After target goals were set, work groups were created to improve the coordination of care transitions. For example, to expedite the timing of adjuvant chemotherapy, a team of front-line administrative staff from medical and surgical oncology departments was formed to develop new workflows for scheduling postoperative surgical and medical oncology appointments. The work group redesigned processes to facilitate earlier medical oncology follow-up, thereby shortening the time from completion of surgery to initiation of adjuvant chemotherapy.
Key Performance Indicator Goals


An overarching principle has been that processes should be standardized and independent of individual providers. The interventions developed by the teams have been implemented over the previous year, and the new processes are currently being tested and validated to assess their value. Future reports are planned to discuss the outcomes of this effort.
Challenges to Creating a Dataset
The creation of a single dataset to capture the timeliness of patient care across DFBWCC has been challenging. This endeavor required close collaboration between clinicians, department administrators, information systems staff, and the data analytics team, and took nearly a year to complete. One of the main challenges was merging the data based on medical record numbers, because each DFBWCC site and radiation oncology treatment center assigns a unique medical record number to the same patient.
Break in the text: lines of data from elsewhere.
lemma lin_dil_le_square_if_b_metric_bilipschitz:
  fixes f :: "'a::euclidean_space \<Rightarrow> 'b::euclidean_space"
  assumes "p > 0" "L > 0" "open G" "G \<noteq> UNIV" "x \<in> G" "open D" "D \<noteq> UNIV" "f x \<in> D"
    and le: "\<forall>y\<in>G. b_metric D p (f x) (f y) \<le> L * b_metric G p x y"
    and ge: "\<forall>y\<in>G. b_metric G p x y \<le> L * b_metric D p (f x) (f y)"
  shows "lin_dil f x \<le> ereal (L\<^sup>2)"
proof -
  obtain d w where d: "d > 0" "w \<in> frontier G" "dist x w = d"
    "\<forall>w\<in>frontier G. d \<le> dist x w" "ball x d \<subseteq> G"
    by (rule nearest_frontier_point[OF assms(3-5)])
  obtain d' w' where d': "d' > 0" "w' \<in> frontier D" "dist (f x) w' = d'"
    "\<forall>w\<in>frontier D. d' \<le> dist (f x) w" "ball (f x) d' \<subseteq> D"
    by (rule nearest_frontier_point[OF assms(6-8)])
  have L0: "L \<ge> 0" using assms(2) by simp
  have fG: "frontier G \<noteq> {}" and fD: "frontier D \<noteq> {}" using d(2) d'(2) by auto
  define hi where "hi r = L * r * d' / (d - (1 + L) * r)" for r
  define lo where "lo r = r * d' / (L * (d + r) + r)" for r
  have "lo r \<le> dist (f y) (f x) \<and> dist (f y) (f x) \<le> hi r"
    if r: "0 < r" "r < d / (1 + 2 * L)" and y: "y \<in> sphere x r" for r y
  proof -
    have r_eq: "dist x y = r" using y by simp
    have "(1 + L) * r + L * r < d" using r assms(2) by (simp add: field_simps)
    moreover have "0 \<le> L * r" using r assms(2) by simp
    ultimately have small: "(1 + L) * dist x y < d" and "0 < d - (1 + L) * r"
      using r_eq by (auto simp: algebra_simps)
    then have "y \<in> G" using d(5) r_eq \<open>0 \<le> L * r\<close> by (auto simp: algebra_simps)
    have "dist (f x) (f y) \<le> hi r"
      using dist_image_upper_bound[where h = f, OF assms(1) L0 fG d(4) d'(2) small
          le[rule_format, OF \<open>y \<in> G\<close>]]
      unfolding hi_def r_eq d'(3) .
    also have "hi r < d'"
    proof -
      have "L * r * d' < (d - (1 + L) * r) * d'"
        using d'(1) \<open>(1 + L) * r + L * r < d\<close> by (intro mult_strict_right_mono) auto
      then show ?thesis
        unfolding hi_def using \<open>0 < d - (1 + L) * r\<close>
        by (simp add: pos_divide_less_eq mult.commute)
    qed
    finally have "lo r \<le> dist (f x) (f y)"
      using dist_image_lower_bound[where h = f, OF assms(1) L0 fD d'(4) d(2) _
          ge[rule_format, OF \<open>y \<in> G\<close>]]
      unfolding lo_def r_eq d(3) by blast
    with \<open>dist (f x) (f y) \<le> hi r\<close> show ?thesis by (simp add: dist_commute)
  qed
  moreover have "lo r > 0" if "r > 0" for r
    unfolding lo_def using that d(1) d'(1) assms(2) by (simp add: add_pos_pos)
  moreover have "((\<lambda>r. hi r / lo r) \<longlongrightarrow> L\<^sup>2) (at_right 0)"
  proof -
    have "((\<lambda>r. L * (L * (d + r) + r) / (d - (1 + L) * r))
        \<longlongrightarrow> L * (L * (d + 0) + 0) / (d - (1 + L) * 0)) (at_right 0)"
      using d(1) by (intro tendsto_intros) auto
    moreover have
      "eventually (\<lambda>r. L * (L * (d + r) + r) / (d - (1 + L) * r) = hi r / lo r) (at_right 0)"
    proof -
      have "L * (L * (d + r) + r) / (d - (1 + L) * r) = hi r / lo r"
        if "0 < r" "r < d / (1 + L)" for r
      proof -
        have "d - (1 + L) * r \<noteq> 0" using that L0 by (simp add: field_simps)
        moreover have "L * (d + r) + r \<noteq> 0"
          using that d(1) L0 mult_nonneg_nonneg[of L "d + r"] by linarith
        ultimately show ?thesis
          unfolding hi_def lo_def using that(1) d'(1) by (simp add: divide_simps)
      qed
      then show ?thesis
        unfolding eventually_at_right_field using d(1) L0 by (intro exI[of _ "d / (1 + L)"]) auto
    qed
    ultimately show ?thesis
      using d(1) by (auto simp: power2_eq_square intro: Lim_transform_eventually)
  qed
  ultimately show ?thesis
    using d(1) assms(2) by (intro lin_dil_le_of_sphere_bounds[of "d / (1 + 2 * L)"]) auto
qed

theorem theorem4p9:
  fixes G D :: "'a::euclidean_space set" and f :: "'a \<Rightarrow> 'a" and p L :: real
  assumes "is_domain G" and "G \<noteq> UNIV"
    and "is_domain D" and "D \<noteq> UNIV"
    and "1 \<le> p"
    and "f ` G = D"
    and "1 \<le> L"
    and "\<forall>z1\<in>G. \<forall>z2\<in>G. b_metric G p z1 z2 / L \<le> b_metric D p (f z1) (f z2)
                          \<and> b_metric D p (f z1) (f z2) \<le> L * b_metric G p z1 z2"
  shows "qc_homeomorphism f G D \<and>
         (\<forall>z\<in>G. lin_dil f z \<le> ereal (4 powr (1 - 1 / p) * L\<^sup>2))"
proof -
  have p: "p > 0" and L: "L > 0" using assms(5,7) by auto
  have G: "open G" "G \<noteq> {}" and D: "open D"
    using assms(1,3) unfolding is_domain_def by auto
  have le: "\<forall>x\<in>G. \<forall>y\<in>G. b_metric D p (f x) (f y) \<le> L * b_metric G p x y"
    and ge: "\<forall>x\<in>G. \<forall>y\<in>G. b_metric G p x y \<le> L * b_metric D p (f x) (f y)"
    using assms(8) L by (auto simp: divide_le_eq mult.commute)
  have "homeomorphism G D f (inv_into G f)"
    using homeomorphism_if_b_metric_bilipschitz[OF p less_imp_le[OF L] G assms(2) D assms(4,6) le ge] .
  moreover have "lin_dil f z \<le> ereal (4 powr (1 - 1 / p) * L\<^sup>2)" if "z \<in> G" for z
  proof -
    have "lin_dil f z \<le> ereal (L\<^sup>2)"
      using that assms(6) le ge
      by (intro lin_dil_le_square_if_b_metric_bilipschitz[OF p L G(1) assms(2) that D assms(4)]) auto
    also have "L\<^sup>2 \<le> 4 powr (1 - 1 / p) * L\<^sup>2"
      using assms(5) ge_one_powr_ge_zero[of 4 "1 - 1 / p"] by (simp add: mult_le_cancel_right1)
    finally show ?thesis by simp
  qed
  ultimately show ?thesis unfolding qc_homeomorphism_def by blast
qed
To ensure data accuracy and integrity, the authors conducted random chart audits. Records were also audited for all patients whose transitions between episodes of care were deemed exceptionally long. The need to audit data delayed the presentation of and acting on the data. Therefore, a time lag exists with internal data, although this lag is shorter than that for the NCCN data. Despite the complexities involved, the internal dataset has proven essential for process and quality improvement efforts.
Summary
Improving the timeliness of breast cancer care at DFBWCC is a complicated endeavor involving multiple disciplines and clinical sites. Various technical and administrative impediments were encountered due to the complexity of this broad-based initiative. Significant time was spent defining, collecting, validating, integrating, and analyzing multitudinous episodes of care. Analyses revealed several barriers to timely care and, in the coming months, the authors hope to share these key findings and the results of implementing novel approaches for reducing delays in care at a large, distributed, academic, multidisciplinary cancer center.